The 1965 broadcast A Charlie Brown Christmas has become a holiday staple. But it almost didn’t get on the air. 

Have you watched A Charlie Brown Christmas lately? There’s a backstory. I find it fascinating how projects like this get broadcast in the first place. Gian Carlo Menotti’s Amahl and the Night Visitors was under crazy time pressure before NBC showed it on Christmas Eve, 1951. (The singers “received the final passages of the score just days before the broadcast.”) The one-act opera has since been performed the world over, not just on television.

Stephen Lind, Associate Professor of Clinical Business Communication at the University of Southern California, wrote about Charlie Brown at the Conversation.

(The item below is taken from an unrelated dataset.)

(* Let $k\subset L$ be a finite cyclic field extension, with $r:=[L:k]=\prod_{i=1}^mp_i^{\alpha_i}$ where the $p_i$ are distinct primes and $\alpha_i\geq 1$. Let $\mathbb D_r$ be the set of positive divisors of $r$ and $\mathcal A$ the set of atoms of $[k,L]$. Then: (1) For each $i\in\{1,\ldots,m\}$ there is a unique $A_i\in\mathcal A$ with $[A_i:k]=p_i$; and $T\in[k,L]$ lies in $\mathcal A$ if and only if $[T:k]=p_i$ for some $i$. (2) $\mathcal S[k,L]=\prod_{i=1}^mA_i$. (3) Let $\alpha:=\sup\{\alpha_i\}$ and let $\{S_j\}_{j=0}^n$ be the Loewy series of $k\subset L$. For $j\in\{0,\ldots,n\}$, $[S_j:k]=\prod_{i=1}^mp_i^{\beta_i}$ where $\beta_i=\alpha_i$ if $\alpha_i<j$ and $\beta_i=j$ if $\alpha_i\geq j$. Moreover, $T\in[k,L]$ is an atom of $[S_j,S_{j+1}]$ if and only if $[T:k]=\prod_{i=1}^mp_i^{\gamma_i}$ where there is an index $i_0$ with $\beta_{i_0}<\alpha_{i_0}$ such that $\gamma_{i_0}=\beta_{i_0}+1$ and $\gamma_i=\beta_i$ for $i\neq i_0$. In particular $\alpha=n$. (4) $S_j\subset S_{j+1}$ is Boolean for each $j\in\{0,\ldots,n-1\}$. (5) For $T\in[k,L]$ with $T\neq k$: $T$ is $\Pi$-irreducible in $[k,L]$ if and only if $[T:k]=p_i^{\beta}$ for some $i\in\{1,\ldots,m\}$ and some $\beta\in\{1,\ldots,\alpha_i\}$. (6) $|[k,L]|=\mathrm d([L:k])=\prod_{i=1}^m(\alpha_i+1)=|\mathbb D_r|$, where $\mathrm d$ is the number of divisors. If $\mathcal A_j$ denotes the set of atoms of $[S_j,S_{j+1}]$, then $\ell[k,L]=\sum_{j=0}^{\alpha-1}|\mathcal A_j|=\sum_{i=1}^m\alpha_i$, which is the number of $\Pi$-irreducible elements of $[k,L]$ different from $k$. (7) The following are equivalent: (a) $k\subset L$ is a $\mathcal P$-extension; (b) $k\subset L$ is either Boolean or a chain; (c) either $m=1$ or $\alpha=1$.
   Context: For a field extension $k\subseteq L$, $[k,L]$ is the lattice of intermediate fields (meet = intersection, join = compositum $TU$). $K\subset K'$ is minimal if $[K,K']=\{K,K'\}$; an atom of $[K,K'']$ is $K'$ with $K\subset K'$ minimal and $K'\subseteq K''$. The socle $\mathcal S[K,L]$ is the compositum of all atoms of $[K,L]$; the Loewy series of $k\subset L$ is $S_0=k$, $S_{j+1}=\mathcal S[S_j,L]$ while $S_j\neq L$, with $n$ least such that $S_n=L$. $\ell[k,L]$ is the supremum of lengths of chains in $[k,L]$. The extension $K\subseteq K'$ is Boolean if $[K,K']$ is a distributive lattice in which every element $V$ has a complement $V'$ ($V\cap V'=K$, $VV'=K'$). $k\subset L$ is a $\mathcal P$-extension if $[k,L]=\bigcup_{j=0}^{n-1}[S_j,S_{j+1}]$. An element $T\in[k,L]$ is $\Pi$-irreducible if $T=T_1T_2$ with $T_1,T_2\in[k,L]$ implies $T=T_1$ or $T=T_2$. *)

theory Defs
  imports "HOL-Algebra.Algebra" "HOL-Computational_Algebra.Primes"
begin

“The 1965 broadcast has become a staple . … But this beloved TV special almost didn’t make it to air. CBS executives thought the 25-minute program was too slow, too serious and too different from the upbeat spectacles they imagined audiences wanted. A cartoon about a depressed kid seeking psychiatric advice? No laugh track? Humble, lo-fi animation? And was that a Bible verse? It seemed destined to fail – if not scrapped outright.

“And yet, against all the odds, it became a classic. The program turned ‘Peanuts’ from a popular comic strip into a multimedia empire – not because it was flashy or followed the rules, but because it was sincere. …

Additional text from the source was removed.